> _DESCRIPTION OF THE TASK_
Each line of the listing that contains "open" should be found and copied.

##### MATERIAL FOR THIS EXERCISE

(* Let $d\ge3$, $m\in(0,1)$, $0<D_1\le D_*\le D_0$, and let $w\in C^1(\mathbb R^d)$ satisfy $V_{D_0}\le wV_{D_*}\le V_{D_1}$, $w-1=f/V_{D_*}$ for some $f\in L^1(\mathbb R^d)$, and $W_0\le w\le W_1$ on $\mathbb R^d$ for constants $0<W_0\le1\le W_1$. Let $g=(w-1)V_{D_*}^{m-1}$. Then $$\mathsf I[g]\le\beta_1\,\mathcal J[w]+\beta_2\,\mathsf F[g],\qquad \beta_1=\frac{W_1^{2(2-m)}}{W_0},\quad \beta_2=2d(1-m)\Big(\big(W_1/W_0\big)^{2(2-m)}-1\Big).$$ In particular, with $\eta=\max\{1-W_0,W_1-1\}$, $|1-\beta_1|+\beta_2\to0$ as $\eta\to0^+$.
   Context: $V_D(x)=\big(D+\frac{1-m}{2m}|x|^2\big)^{-1/(1-m)}$. $\mathcal J[w]=\frac{m}{(m-1)^2}\int_{\mathbb R^d}\big|\nabla[(w^{m-1}-1)V_{D_*}^{m-1}]\big|^2wV_{D_*}\,dx$. Linearized functionals: $\mathsf F[g]=\frac12\int_{\mathbb R^d}|g|^2V_{D_*}^{2-m}dx$ and $\mathsf I[g]=m\int_{\mathbb R^d}|\nabla g|^2V_{D_*}dx$. *)

theory Defs
  imports "HOL-Analysis.Analysis"
begin

definition VD :: "real \<Rightarrow> real \<Rightarrow> real^'n \<Rightarrow> real" where
  "VD m D x = (D + (1 - m) / (2 * m) * (norm x)\<^sup>2) powr (- 1 / (1 - m))"

definition grad :: "(real^'n \<Rightarrow> real) \<Rightarrow> real^'n \<Rightarrow> real^'n" where
  "grad u x = (\<chi> i. frechet_derivative u (at x) (axis i 1))"

definition C1 :: "(real^'n \<Rightarrow> real) \<Rightarrow> bool" where
  "C1 u \<longleftrightarrow> (\<forall>x. u differentiable (at x)) \<and> continuous_on UNIV (grad u)"

definition Jfun :: "real \<Rightarrow> real \<Rightarrow> (real^'n \<Rightarrow> real) \<Rightarrow> ennreal" where
  "Jfun m Ds w = (\<integral>\<^sup>+ x. ennreal (m / (m - 1)\<^sup>2 *
      (norm (grad (\<lambda>y. (w y powr (m - 1) - 1) * VD m Ds y powr (m - 1)) x))\<^sup>2
      * w x * VD m Ds x) \<partial>lborel)"

definition Ffun :: "real \<Rightarrow> real \<Rightarrow> (real^'n \<Rightarrow> real) \<Rightarrow> ennreal" where
  "Ffun m Ds g = (\<integral>\<^sup>+ x. ennreal (1/2 * (g x)\<^sup>2 * VD m Ds x powr (2 - m)) \<partial>lborel)"

definition Ifun :: "real \<Rightarrow> real \<Rightarrow> (real^'n \<Rightarrow> real) \<Rightarrow> ennreal" where
  "Ifun m Ds g = (\<integral>\<^sup>+ x. ennreal (m * (norm (grad g x))\<^sup>2 * VD m Ds x) \<partial>lborel)"

definition beta1 :: "real \<Rightarrow> real \<Rightarrow> real \<Rightarrow> real" where
  "beta1 m W0 W1 = W1 powr (2 * (2 - m)) / W0"

definition beta2 :: "nat \<Rightarrow> real \<Rightarrow> real \<Rightarrow> real \<Rightarrow> real" where
  "beta2 d m W0 W1 = 2 * real d * (1 - m) * ((W1 / W0) powr (2 * (2 - m)) - 1)"

end

theory Submission
  imports Defs
begin

text \<open>
  Write P = D + (1-m)/(2m) |x|^2 for the Barenblatt pressure, so that
  V^(m-1) = P and V^(2-m) = V / P.  Then g = (w-1) P, and the integrands of I, J and F become
  m |(w-1) \<nabla>P + P \<nabla>w|^2 V,  m/(m-1)^2 |(w^(m-1)-1) \<nabla>P + P (m-1) w^(m-2) \<nabla>w|^2 w V
  and 1/2 (w-1)^2 P V.  The vector in I equals c times the vector in J plus R \<nabla>P, where
  c = w^(2-m)/(m-1) is the inverse chain-rule factor and R = (w-1) - w (w^(1-m)-1)/(1-m) is a
  Taylor remainder with |R| \<le> (w-1)^2.  The weighted triangle inequality
  |X+Y|^2 \<le> t |X|^2 + t/(t-1) |Y|^2 with t = W1/W0, together with |\<nabla>P|^2 \<le> 2(1-m)/m P,
  gives the inequality pointwise; integrating it gives the theorem.  The limit statement is
  continuity of the constants at W0 = W1 = 1.
\<close>

text \<open>Concavity of z \<mapsto> z^a for 0 < a < 1: the graph lies below its tangent at z = 1.\<close>
lemma powr_le_tangent:
  fixes z a :: real assumes "0 < z" "0 < a" "a < 1"
  shows "z powr a \<le> 1 + a * (z - 1)"
  using Youngs_inequality_0[of a "1 - a" z 1] assms by (simp add: algebra_simps)

text \<open>Second-order Taylor bound for the map w \<mapsto> w (w^a - 1)/a at w = 1, obtained from the
  tangent bound at w and at 1/w.  With a = 1 - m this controls the remainder R of the strategy.\<close>
lemma powr_taylor_remainder:
  fixes w a :: real assumes w: "0 < w" and a: "0 < a" "a < 1"
  shows "\<bar>(w - 1) - w * (w powr a - 1) / a\<bar> \<le> (w - 1)\<^sup>2"
proof -
  define s where "s = w powr a"
  have s0: "0 < s" using w by (simp add: s_def)
  have "s - 1 \<le> a * (w - 1)" using powr_le_tangent[OF w a] by (simp add: s_def)
  hence "w * (s - 1) \<le> w * (a * (w - 1))" using w by (simp add: mult_left_mono)
  hence upper: "w * (s - 1) / a \<le> (w - 1) * w" using a by (simp add: field_simps)
  have "(1/w) powr a \<le> 1 + a * (1/w - 1)" using powr_le_tangent[of "1/w" a] w a by simp
  moreover have "(1/w) powr a = 1 / s" using w by (simp add: s_def powr_divide)
  ultimately have "w \<le> s * (w + a * (1 - w))" using s0 w by (simp add: field_simps)
  hence lower: "(w - 1) * s \<le> w * (s - 1) / a" using a by (simp add: field_simps)
  have between: "(w - 1) * 1 \<le> (w - 1) * s \<and> (w - 1) * s \<le> (w - 1) * w"
  proof (cases "1 \<le> w")
    case True
    hence "1 \<le> s" "s \<le> w" using a powr_mono[of a 1 w] by (auto simp: s_def ge_one_powr_ge_zero)
    thus ?thesis using True mult_left_mono[of 1 s "w - 1"] mult_left_mono[of s w "w - 1"] by simp
  next
    case False
    hence "w \<le> s" "s \<le> 1" using a w powr_mono'[of a 1 w] by (auto simp: s_def powr_le1)
    thus ?thesis using False mult_left_mono_neg[of s 1 "w - 1"] mult_left_mono_neg[of w s "w - 1"] by simp
  qed
  have "(w - 1) * (w - 1) = (w - 1)\<^sup>2" by (simp add: power2_eq_square)
  thus ?thesis using upper lower between unfolding s_def[symmetric]
    by (simp add: abs_le_iff algebra_simps)
qed

lemma norm_sum_sq_le_weighted:
  fixes X Y :: "'v::real_normed_vector" and t :: real assumes t: "1 < t"
  shows "(norm (X + Y))\<^sup>2 \<le> t * (norm X)\<^sup>2 + t / (t - 1) * (norm Y)\<^sup>2"
proof -
  define p q where "p = norm X" and "q = norm Y"
  have "t * p\<^sup>2 + t / (t - 1) * q\<^sup>2 - (p + q)\<^sup>2 = ((t - 1) * p - q)\<^sup>2 / (t - 1)"
    using t by (simp add: field_simps power2_eq_square)
  moreover have "0 \<le> ((t - 1) * p - q)\<^sup>2 / (t - 1)" using t by simp
  moreover have "(norm (X + Y))\<^sup>2 \<le> (p + q)\<^sup>2"
    unfolding p_def q_def by (simp add: norm_triangle_ineq power_mono)
  ultimately show ?thesis unfolding p_def q_def by linarith
qed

##########

> _PROBLEM SOLUTION_
text \<open>
text \<open>Concavity of z \<mapsto> z^a for 0 < a < 1: the graph lies below its tangent at z = 1.\<close>
text \<open>Second-order Taylor bound for the map w \<mapsto> w (w^a - 1)/a at w = 1, obtained from the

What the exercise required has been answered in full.